**Instructions to follow:** Set down exactly the lines below, starting at the one that contains "first = (if" and ending at the one that contains "valuation, which forces", with both of those lines included and nothing else.

** Task data follows **

(* Let $d > 1$ be an integer and let $K = \operatorname{Frac}(\mathcal{O})$ be the field of fractions of a complete discrete valuation ring $\mathcal{O}$ whose residue field is finite. In the coefficient-choosing game of degree $d$ over $K$, whichever player makes the last move has a winning strategy.
   Context: The coefficient-choosing game of degree $d$ over a commutative ring $R$ with unity: Nora and Wanda alternately choose coefficients of $f(x) = a_d x^d + \cdots + a_0$; on each move the current player picks a not-yet-chosen coefficient and assigns it a value in $R$, subject to $a_d \neq 0$, $a_0 \neq 0$. After all $d+1$ coefficients are chosen, Wanda wins if $f$ has a root in $\operatorname{Frac}(R)$ (here $R = K$ is a field, so a root in $K$), and Nora wins otherwise. Who moves first is fixed in advance, which determines who makes the last move. *)

theory Defs
  imports "HOL-Computational_Algebra.Polynomial"
begin

text \<open>A normalized discrete valuation v on a field (values on nonzero elements only;
  the value at 0 is irrelevant, conventionally +infinity). Its valuation ring
  O = {x. x = 0 \<or> v x \<ge> 0} is a DVR with maximal ideal {x. x = 0 \<or> v x \<ge> 1},
  and the field is Frac(O).\<close>

definition val_ring :: "('k::field \<Rightarrow> int) \<Rightarrow> 'k set" where
  "val_ring v = {x. x = 0 \<or> v x \<ge> 0}"

definition val_ideal :: "('k::field \<Rightarrow> int) \<Rightarrow> int \<Rightarrow> 'k set" where
  "val_ideal v n = {x. x = 0 \<or> v x \<ge> n}"

definition discrete_valuation :: "('k::field \<Rightarrow> int) \<Rightarrow> bool" where
  "discrete_valuation v \<longleftrightarrow>
     (\<forall>x y. x \<noteq> 0 \<longrightarrow> y \<noteq> 0 \<longrightarrow> v (x * y) = v x + v y) \<and>
     (\<forall>x y. x \<noteq> 0 \<longrightarrow> y \<noteq> 0 \<longrightarrow> x + y \<noteq> 0 \<longrightarrow> v (x + y) \<ge> min (v x) (v y)) \<and>
     (\<exists>\<pi>. \<pi> \<noteq> 0 \<and> v \<pi> = 1)"

definition finite_residue_field :: "('k::field \<Rightarrow> int) \<Rightarrow> bool" where
  "finite_residue_field v \<longleftrightarrow>
     (\<exists>F. finite F \<and> F \<subseteq> val_ring v \<and> (\<forall>x \<in> val_ring v. \<exists>y\<in>F. x - y \<in> val_ideal v 1))"

definition val_complete :: "('k::field \<Rightarrow> int) \<Rightarrow> bool" where
  "val_complete v \<longleftrightarrow>
     (\<forall>s :: nat \<Rightarrow> 'k.
        (\<forall>n. \<exists>N. \<forall>p\<ge>N. \<forall>q\<ge>N. s p - s q \<in> val_ideal v n) \<longrightarrow>
        (\<exists>L. \<forall>n. \<exists>N. \<forall>p\<ge>N. s p - L \<in> val_ideal v n))"

definition local_field_valuation :: "('k::field \<Rightarrow> int) \<Rightarrow> bool" where
  "local_field_valuation v \<longleftrightarrow>
     discrete_valuation v \<and> finite_residue_field v \<and> val_complete v"

datatype player = Nora | Wanda

fun other :: "player \<Rightarrow> player" where
  "other Nora = Wanda" | "other Wanda = Nora"

text \<open>A position records which coefficients a_0..a_d have been chosen (Some value)
  and which are still open (None).\<close>
type_synonym 'k position = "nat \<Rightarrow> 'k option"

definition complete_pos :: "nat \<Rightarrow> 'k position \<Rightarrow> bool" where
  "complete_pos d a \<longleftrightarrow> (\<forall>i\<le>d. a i \<noteq> None)"

definition legal_move :: "nat \<Rightarrow> 'k::zero position \<Rightarrow> nat \<Rightarrow> 'k \<Rightarrow> bool" where
  "legal_move d a i c \<longleftrightarrow> i \<le> d \<and> a i = None \<and> ((i = d \<or> i = 0) \<longrightarrow> c \<noteq> 0)"

definition final_poly :: "nat \<Rightarrow> 'k::comm_monoid_add position \<Rightarrow> 'k poly" where
  "final_poly d a = (\<Sum>i\<le>d. monom (the (a i)) i)"

definition winner :: "nat \<Rightarrow> 'k::field position \<Rightarrow> player" where
  "winner d a = (if \<exists>x. poly (final_poly d a) x = 0 then Wanda else Nora)"

text \<open>wins d P a m: player P has a winning strategy from position a when m is to move.
  The game has finite length, so the least fixed point captures exactly the
  existence of a winning strategy.\<close>
inductive wins :: "nat \<Rightarrow> player \<Rightarrow> 'k::field position \<Rightarrow> player \<Rightarrow> bool"
  for d :: nat and P :: player where
  finished: "complete_pos d a \<Longrightarrow> winner d a = P \<Longrightarrow> wins d P a m"
| own_move: "\<not> complete_pos d a \<Longrightarrow> legal_move d a i c \<Longrightarrow>
      wins d P (a(i := Some c)) (other P) \<Longrightarrow> wins d P a P"
| opp_move: "\<not> complete_pos d a \<Longrightarrow> m \<noteq> P \<Longrightarrow>
      (\<forall>i c. legal_move d a i c \<longrightarrow> wins d P (a(i := Some c)) P) \<Longrightarrow> wins d P a m"

text \<open>There are d+1 moves in total; the player moving first makes moves 1,3,5,...\<close>
definition last_mover :: "nat \<Rightarrow> player \<Rightarrow> player" where
  "last_mover d first = (if even d then first else other first)"

end

theory Submission
  imports Defs
begin

text \<open>
  Whoever moves last wins. Wanda, moving last, picks x \<noteq> 0 at which the polynomial without its
  last coefficient does not vanish (the field is infinite) and solves for that coefficient.

  Nora, moving last, argues with Newton polygons: a root x makes two terms a_i x^i of least
  valuation, which forces an edge of integral slope -v x. She gives the last open coefficient a
  very negative valuation, with a residue chosen so that every edge of the resulting Newton
  polygon has non-integral slope. This works unless the last open coefficient is a_1 or
  a_(d-1), and Nora moves often enough to set these to 0 beforehand. For d = 3 and d = 4 the
  coefficient a_2 needs separate arguments, in degree 3 a pigeonhole argument over the finite
  residue field.
\<close>

section \<open>Integer arithmetic\<close>

lemma above_chord_gt_min:
  fixes p i q A B a t :: int
  assumes "p < i" "i < q" "(q - i) * A + (i - p) * B < (q - p) * a"
  shows "min (A + p * t) (B + q * t) < a + i * t"
proof -
  let ?m = "min (A + p * t) (B + q * t)"
  have "(q - i) * ?m \<le> (q - i) * (A + p * t)" "(i - p) * ?m \<le> (i - p) * (B + q * t)"
    using assms(1,2) by (intro mult_left_mono; simp)+
  moreover have "(q - i) * (A + p * t) + (i - p) * (B + q * t)
      = (q - i) * A + (i - p) * B + (q - p) * (i * t)"
    by (simp add: algebra_simps)
  ultimately have "(q - p) * ?m < (q - p) * (a + i * t)"
    using assms(3) by (simp add: algebra_simps)
  then show ?thesis using assms(1,2) by (simp add: mult_less_cancel_left)
qed

lemma below_chord_lt_max:
  fixes p i q A B a t :: int
  assumes "p < i" "i < q" "(q - p) * a < (q - i) * A + (i - p) * B"
  shows "a + i * t < max (A + p * t) (B + q * t)"
proof -
  let ?m = "max (A + p * t) (B + q * t)"
  have "(q - i) * (A + p * t) \<le> (q - i) * ?m" "(i - p) * (B + q * t) \<le> (i - p) * ?m"
    using assms(1,2) by (intro mult_left_mono; simp)+
  moreover have "(q - i) * (A + p * t) + (i - p) * (B + q * t)
      = (q - i) * A + (i - p) * B + (q - p) * (i * t)"
    by (simp add: algebra_simps)
  ultimately have "(q - p) * (a + i * t) < (q - p) * ?m"
    using assms(3) by (simp add: algebra_simps)
  then show ?thesis using assms(1,2) by (simp add: mult_less_cancel_left)
qed

lemma add_mult_neq_of_not_dvd:
  fixes A B p q t :: int
  assumes "\<not> (q - p) dvd (B - A)"
  shows "A + p * t \<noteq> B + q * t"
proof
  assume "A + p * t = B + q * t"
  then have "B - A = (q - p) * (- t)" by (simp add: algebra_simps)
  with assms show False by (metis dvd_triv_left)
qed

lemma very_low_weighted_sum_less:
  fixes a c L V w z :: int
  assumes "0 < a" "0 \<le> c" "\<bar>w\<bar> \<le> V" "\<bar>z\<bar> \<le> V" "L \<le> - 2 * (a + c) * V - 1"
  shows "a * L + c * w < (a + c) * z"
proof -
  have "0 \<le> V" using assms(3) by simp
  then have "0 \<le> (a + c) * V" using assms(1,2) by simp
  then have "L \<le> 0" using assms(5) by (simp add: algebra_simps)
  then have "a * L \<le> 1 * L" using assms(1) by (intro mult_right_mono_neg) simp_all
  moreover have "c * w \<le> c * V" using assms(2,3) by (intro mult_left_mono) simp_all
  moreover have "c * V \<le> (a + c) * V" using assms(1) \<open>0 \<le> V\<close> by (intro mult_right_mono) simp_all
  moreover have "(a + c) * (- V) \<le> (a + c) * z"
    using assms(1,2,4) by (intro mult_left_mono) simp_all
  ultimately show ?thesis using assms(5) by (simp add: algebra_simps)
qed

lemma very_low_point_below_chord:
  fixes a c L V x y :: int
  assumes "0 \<le> a" "0 \<le> c" "0 < a + c" "\<bar>x\<bar> \<le> V" "\<bar>y\<bar> \<le> V" "L \<le> - 2 * (a + c) * V - 1"
  shows "(a + c) * L < a * x + c * y"
proof -
  have "0 \<le> V" using assms(4) by simp
  then have "0 \<le> (a + c) * V" using assms(3) by simp
  moreover from this have "L \<le> 0" using assms(6) by (simp add: algebra_simps)
  then have "(a + c) * L \<le> 1 * L" using assms(3) by (intro mult_right_mono_neg) simp_all
  moreover have "a * (- V) \<le> a * x" "c * (- V) \<le> c * y"
    using assms by (intro mult_left_mono; simp)+
  ultimately show ?thesis using assms(6) by (simp add: algebra_simps)
qed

** End of Task data **

**Output below:**
  "last_mover d first = (if even d then first else other first)"

end

theory Submission
  imports Defs
begin

text \<open>
  Whoever moves last wins. Wanda, moving last, picks x \<noteq> 0 at which the polynomial without its
  last coefficient does not vanish (the field is infinite) and solves for that coefficient.

  Nora, moving last, argues with Newton polygons: a root x makes two terms a_i x^i of least
  valuation, which forces an edge of integral slope -v x. She gives the last open coefficient a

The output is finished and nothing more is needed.